Quando entre ti houver algum pobre, de teus irmãos, em alguma das tuas portas, na terra que o Senhor teu Deus te dá, não endurecerás o teu coração, nem fecharás a tua mão a teu irmão que for pobre; Deuteronômio 15:7


 A Palavra de Deus nos exorta sempre a expressarmos em nossas atitudes o caráter do Criador. E se a essência de um Deus invisível, mas presente é o amor, é pelo amor a Deus que também devemos expressar nosso amor ao próximo. Assim devemos exercitar a prática de boas obras em favor dos necessitados e sofredores da família da fé e também daqueles que são colocados em nosso meio, cujas necessidades conhecemos.
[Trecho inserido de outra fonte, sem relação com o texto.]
lemma srt_discrepancy_sum_by_parts_le:
  assumes "srt_router P \<sigma>" and "z 0 = 0"
  shows "\<bar>\<Sum>t<Suc n. (router_discrepancy P \<sigma> v u (z (Suc t)) - router_discrepancy P \<sigma> v u (z t))
              * (matpow P (n - t) u w - c)\<bar>
    \<le> (if P v u > 0 then \<bar>matpow P 0 u w - c\<bar> + (\<Sum>s<n. \<bar>matpow P (Suc s) u w - matpow P s u w\<bar>) else 0)"
proof (cases "P v u > 0")
  case True
  define g where "g t = matpow P (n - t) u w - c" for t
  have "\<bar>\<Sum>t<Suc n. (router_discrepancy P \<sigma> v u (z (Suc t)) - router_discrepancy P \<sigma> v u (z t)) * g t\<bar>
      \<le> \<bar>g n\<bar> + (\<Sum>t<n. \<bar>g t - g (Suc t)\<bar>)"
    by (rule abel_summation_bound)
      (simp add: \<open>z 0 = 0\<close> router_discrepancy_def I_cnt_def, rule srt_discrepancy_bound[OF assms(1)])
  also have "(\<Sum>t<n. \<bar>g t - g (Suc t)\<bar>)
      = (\<Sum>t<n. \<bar>matpow P (Suc (n - Suc t)) u w - matpow P (n - Suc t) u w\<bar>)"
    unfolding g_def by (intro sum.cong) (simp_all add: Suc_diff_Suc)
  also have "\<dots> = (\<Sum>s<n. \<bar>matpow P (Suc s) u w - matpow P s u w\<bar>)"
    by (rule sum.nat_diff_reindex)
  finally show ?thesis using True by (simp add: g_def)
qed (simp add: srt_discrepancy_non_neighbour[OF assms(1)])

end

context reversible_ergodic_chain
begin

lemma sum_abs_le_by_reversal:
  assumes "\<And>u. \<pi> u * a u = \<pi> w * b u"
  shows "(\<Sum>u\<in>UNIV. \<bar>a u\<bar>) \<le> \<pi> w / pi_min \<pi> * (\<Sum>u\<in>UNIV. \<bar>b u\<bar>)"
proof -
  have "\<bar>a u\<bar> \<le> \<pi> w / pi_min \<pi> * \<bar>b u\<bar>" for u
  proof -
    have "a u = \<pi> w / \<pi> u * b u" using assms[of u] pi_pos[of u] by (simp add: field_simps)
    then have "\<bar>a u\<bar> = \<pi> w / \<pi> u * \<bar>b u\<bar>" using pi_pos[of u] pi_pos[of w] by (simp add: abs_mult)
    also have "\<dots> \<le> \<pi> w / pi_min \<pi> * \<bar>b u\<bar>"
      using pi_min_pos pi_min_le[of u] pi_pos[of w]
      by (intro mult_right_mono divide_left_mono) simp_all
    finally show ?thesis .
  qed
  then have "(\<Sum>u\<in>UNIV. \<bar>a u\<bar>) \<le> (\<Sum>u\<in>UNIV. \<pi> w / pi_min \<pi> * \<bar>b u\<bar>)" by (rule sum_mono)
  then show ?thesis by (simp only: sum_distrib_left)
qed

lemma column_sum_matpow_0_pi:
  "(\<Sum>u\<in>UNIV. \<bar>matpow P 0 u w - \<pi> w\<bar>) \<le> \<pi> w / pi_min \<pi> * (2 * tv_diameter P 0)"
proof -
  have "(\<Sum>u\<in>UNIV. \<bar>matpow P 0 u w - \<pi> w\<bar>) \<le> \<pi> w / pi_min \<pi> * (\<Sum>u\<in>UNIV. \<bar>matpow P 0 w u - \<pi> u\<bar>)"
    by (rule sum_abs_le_by_reversal) (simp add: algebra_simps)
  also have "\<dots> \<le> \<pi> w / pi_min \<pi> * (2 * tv_diameter P 0)"
    using tv_dist_pi_le_tv_diameter[of 0 w] pi_nonneg[of w] pi_min_pos
    by (intro mult_left_mono) (simp_all add: tv_dist_def)
  finally show ?thesis .
qed

lemma column_sum_matpow_Suc:
  "(\<Sum>u\<in>UNIV. \<bar>matpow P (Suc s) u w - matpow P s u w\<bar>)
     \<le> \<pi> w / pi_min \<pi> * (2 * tv_diameter P s)"
proof -
  have "(\<Sum>u\<in>UNIV. \<bar>matpow P (Suc s) u w - matpow P s u w\<bar>)
      \<le> \<pi> w / pi_min \<pi> * (\<Sum>u\<in>UNIV. \<bar>matpow P (Suc s) w u - matpow P s w u\<bar>)"
    by (rule sum_abs_le_by_reversal) (simp only: right_diff_distrib matpow_reversible)
  also have "\<dots> \<le> \<pi> w / pi_min \<pi> * (2 * tv_diameter P s)"
    using tv_dist_matpow_Suc[of s w] pi_nonneg[of w] pi_min_pos
    by (intro mult_left_mono) (simp_all add: tv_dist_def)
  finally show ?thesis .
qed
lemma lower_bound_of_additive_conservation:
  fixes \<Psi> r a :: "real \<Rightarrow> real"
  assumes "0 < eta" and "0 \<le> V" and "0 \<le> T" and "(r T)\<^sup>2 \<le> R\<^sup>2"
    and \<Psi>': "\<And>t. 0 \<le> t \<Longrightarrow> t \<le> T \<Longrightarrow> (\<Psi> has_real_derivative r t * a t * V) (at t within {0..})"
    and r': "\<And>t. 0 \<le> t \<Longrightarrow> t \<le> T \<Longrightarrow> (r has_real_derivative - eta * a t) (at t within {0..})"
  shows "\<Psi> 0 - V * R\<^sup>2 / (2 * eta) \<le> \<Psi> T"
proof -
  have "\<Psi> T + V * (r T)\<^sup>2 / (2 * eta) = \<Psi> 0 + V * (r 0)\<^sup>2 / (2 * eta)"
  proof (rule constant_if_deriv_zero_within[OF \<open>0 \<le> T\<close>])
    fix t assume "0 \<le> t" "t \<le> T"
    then show "((\<lambda>t. \<Psi> t + V * (r t)\<^sup>2 / (2 * eta)) has_real_derivative 0) (at t within {0..})"
      using \<Psi>' r' \<open>0 < eta\<close> by (auto intro!: derivative_eq_intros simp: field_simps)
  qed
  moreover have "V * (r T)\<^sup>2 / (2 * eta) \<le> V * R\<^sup>2 / (2 * eta)"
    using assms(1,2,4) by (intro divide_right_mono mult_left_mono) auto
  moreover have "0 \<le> V * (r 0)\<^sup>2 / (2 * eta)"
    using assms(1,2) by simp
  ultimately show ?thesis by linarith
qed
Moisés conclamou a comunidade a seu cuidado a cuidar de seus membros e Jesus Cristo colocou sobre Sua igreja o dever de cuidar dos necessitados dentre seus próprios membros. A Igreja, portanto, tem a responsabilidade de cuidar de seus pobres e necessitados, pois como os membros de uma  família secular devem cuidar uns dos outros, também a família da fé, a exemplo  de Cristo deve cuidar daqueles que passam por alguma forma de necessidade. E pobre não significa somente aquele que é privado de bens materiais. Há pobres espiritualmente que carecem de atenção e cuidados. São os que, mesmo tendo condições financeiras, necessitam de ajuda emocional ou espiritual. São os que arruínam a si mesmos por uma conduta independente e distante das orientações de Deus. A esses pobres devemos aconselhar com amor e sabedoria, na admoestação do Senhor. É inquestionável que devemos ajudar os demais casos em que houver necessidade material. Devemos nos lembrar sempre de que tudo o que temos não nos pertence, somos apenas despenseiros de Deus.


"Por isso, enquanto tivermos oportunidade, façamos o bem a todos, mas principalmente aos da família da fé." Gálatas 6:10.